An 8-year-old boy, weighing 35 kg, having undiagnosed IEM for past 5 years and asthma since childhood, was scheduled for extraction of multiple decayed teeth as a day case surgery. The child presented first time with nausea, vomiting, and severe acidotic breathing at the age of 3 years following an acute viral illness. He was not comatose and had no hepatomegaly on physical examination. Initial biochemical workup revealed a high anion gap severe metabolic acidosis (pH 7.06, base excess 16), ketonuria (>7.8 mmol/l), lactic acidosis (8.1 mmol/l), and hypoglycemia (riparian buffer strips [RBS] 43 g/dl). Urine for toxicology, organic acid, and plasma acylcarnitine were normal. The patient had five episodes of metabolic decompensation from the first presentation, which clinically responded to intravenous fluids with high calories achieved through dextrose. The biochemical abnormalities present even during well-state were lactic acidosis and intermittent ketonuria.
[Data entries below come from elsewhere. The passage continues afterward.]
(* Let $Y$ be a complex Banach space and $U:\mathcal B(\mathcal H)\to Y$ a non-null bounded linear operator with $\|U\|<\lambda$. Then for every $n\in\mathbb N$, $$AP_\lambda(B_{\ell_1^n},1,U)=\frac{R_\lambda(\mathbb D,1,U)}{n}.$$
   Context: $\mathcal B(\mathcal H)$: bounded operators on a complex Hilbert space; $\mathbb D$ the open unit disc; $B_{\ell_1^n}$ the open unit ball of $\ell_1^n$. Bounded pluriharmonic $f:\Omega\to\mathcal B(\mathcal H)$ are written $f(z)=\sum_\alpha a_\alpha z^\alpha+\sum_{|\alpha|\ge1}b_\alpha^*\bar z^\alpha$ ($b_0=0$), $\|f\|_\Omega=\sup\|f(z)\|$. $R_\lambda(\Omega,1,U)$: supremum of $r\ge0$ with $\sup_{z\in r\Omega}\sum_\alpha(\|U(a_\alpha)\|+\|U(b_\alpha)\|)|z^\alpha|\le\lambda\|f\|_\Omega$ for all such $f$. $AP_\lambda(\Omega,1,U)$ ($\Omega\subset\mathbb C^n$): supremum of $\frac1n\sum r_i$ over $r\in\mathbb R^n_{\ge0}$ with $\sum_\alpha(\|U(a_\alpha)\|+\|U(b_\alpha)\|)r^{\alpha}\le\lambda\|f\|_\Omega$ for all such $f$. *)

theory Defs
  imports "HOL-Analysis.Analysis"
begin

text \<open>The distribution has no complex vector space classes, so we introduce them:
a complex normed space is a real normed space with a compatible complex scalar
multiplication; a complex Hilbert space is a complete one whose norm comes from a
complex inner product (linear in the second argument).\<close>

class cnormed = real_normed_vector +
  fixes scaleC :: "complex \<Rightarrow> 'a \<Rightarrow> 'a" (infixr \<open>*\<^sub>C\<close> 75)
  assumes scaleC_add_right: "a *\<^sub>C (x + y) = a *\<^sub>C x + a *\<^sub>C y"
    and scaleC_add_left: "(a + b) *\<^sub>C x = a *\<^sub>C x + b *\<^sub>C x"
    and scaleC_scaleC: "a *\<^sub>C (b *\<^sub>C x) = (a * b) *\<^sub>C x"
    and scaleC_one: "1 *\<^sub>C x = x"
    and scaleR_scaleC: "scaleR r x = complex_of_real r *\<^sub>C x"
    and norm_scaleC: "norm (a *\<^sub>C x) = cmod a * norm x"

class chilbert = cnormed + complete_space +
  fixes cinner :: "'a \<Rightarrow> 'a \<Rightarrow> complex"
  assumes cinner_conj_sym: "cinner x y = cnj (cinner y x)"
    and cinner_add_right: "cinner x (y + z) = cinner x y + cinner x z"
    and cinner_scaleC_right: "cinner x (a *\<^sub>C y) = a * cinner x y"
    and cinner_self_norm: "cinner x x = complex_of_real ((norm x)\<^sup>2)"

instantiation complex :: chilbert
begin
definition scaleC_complex :: "complex \<Rightarrow> complex \<Rightarrow> complex" where "scaleC_complex a x = a * x"
definition cinner_complex :: "complex \<Rightarrow> complex \<Rightarrow> complex" where "cinner_complex x y = cnj x * y"
instance
proof
  fix a b :: complex and x y z :: complex and r :: real
  show "a *\<^sub>C (x + y) = a *\<^sub>C x + a *\<^sub>C y" by (simp add: scaleC_complex_def distrib_left)
  show "(a + b) *\<^sub>C x = a *\<^sub>C x + b *\<^sub>C x" by (simp add: scaleC_complex_def distrib_right)
  show "a *\<^sub>C (b *\<^sub>C x) = (a * b) *\<^sub>C x" by (simp add: scaleC_complex_def mult.assoc)
  show "1 *\<^sub>C x = x" by (simp add: scaleC_complex_def)
  show "scaleR r x = complex_of_real r *\<^sub>C x" by (simp add: scaleC_complex_def scaleR_conv_of_real)
  show "norm (a *\<^sub>C x) = cmod a * norm x" by (simp add: scaleC_complex_def norm_mult)
  show "cinner x y = cnj (cinner y x)" by (simp add: cinner_complex_def mult.commute)
  show "cinner x (y + z) = cinner x y + cinner x z" by (simp add: cinner_complex_def distrib_left)
  show "cinner x (a *\<^sub>C y) = a * cinner x y" by (simp add: cinner_complex_def scaleC_complex_def mult.left_commute)
  show "cinner x x = complex_of_real ((norm x)\<^sup>2)" using complex_norm_square[of x] by (simp add: cinner_complex_def mult.commute)
qed
end

text \<open>Elements of B(H): bounded complex-linear maps H \<Rightarrow> H; the norm is the operator norm onorm.\<close>
definition bop :: "('h::cnormed \<Rightarrow> 'h) \<Rightarrow> bool" where
  "bop T \<longleftrightarrow> (\<forall>x y. T (x + y) = T x + T y) \<and> (\<forall>c x. T (c *\<^sub>C x) = c *\<^sub>C T x)
      \<and> (\<exists>K. \<forall>x. norm (T x) \<le> norm x * K)"

definition adj :: "('h::chilbert \<Rightarrow> 'h) \<Rightarrow> 'h \<Rightarrow> 'h" where
  "adj T = (SOME S. \<forall>x y. cinner (T x) y = cinner x (S y))"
In view of the recurrent ketotic hypoglycemia, high anion gap metabolic acidosis with persistent lactic acidosis and intermittent ketonuria even during well state and absence of hepatomegaly, he was evaluated for glycogen synthetase defect. However, the GYS2 gene sequencing plus deletion and duplication was negative. Thus, so far a clear biochemical diagnosis has not been established in this patient.
The child visited the preoperative anesthesia clinic before the dental extraction surgery. After reviewing his case in consultation with the metabolic physician, it was decided to admit him a day before procedure to avoid fasting, anesthesia, and surgery-related risk for metabolic decompensation. On admission, the child was kept on intravenous fluids, which was increased to 1.5 times maintenance providing 65 kcal/kg/day through dextrose and age appropriate electrolyte solution after which he was made nothing per oral before surgery. Baseline biochemical workup included assessment of acid-base status, electrolytes, RBS, serum lactic acid, and ketonuria. His baseline lactic acid before surgery was 4.2 mmol/l, whereas all other biochemical parameters were normal. These were then monitored every 4 hourly till he was allowed orally.
In view of asthma, use of atracurium for endotracheal intubation was avoided. Succinylcholine was not considered because of his mildly raised serum K + (5.3 mEq/l). Rocuronium has a variable effect on muscle relaxation and sometimes its duration is more than an hour in our experience. After application of standard American Society of Anesthesiologists monitoring (electrocardiography, noninvasive blood pressure, SPO2, ETCO2), we did an induction of anesthesia with fentanyl 3 µg/kg, propofol 2 mg/kg, and sevoflurane 4–6% in 100% oxygen. The child was intubated using cuffed ring; Adair and Elwyn size 6.0 mm endotracheal tube without using muscle relaxant. The same maintenance fluid (half strength normal saline with 12.5% dextrose) was continued in intraoperative period. Blood glucose was monitored intra- and post-operatively to ensure normoglycemia. Surgery went uneventful, the patient remained hemodynamically stable, and his postoperative biochemical profiles were normal, so he was discharged a day after surgery.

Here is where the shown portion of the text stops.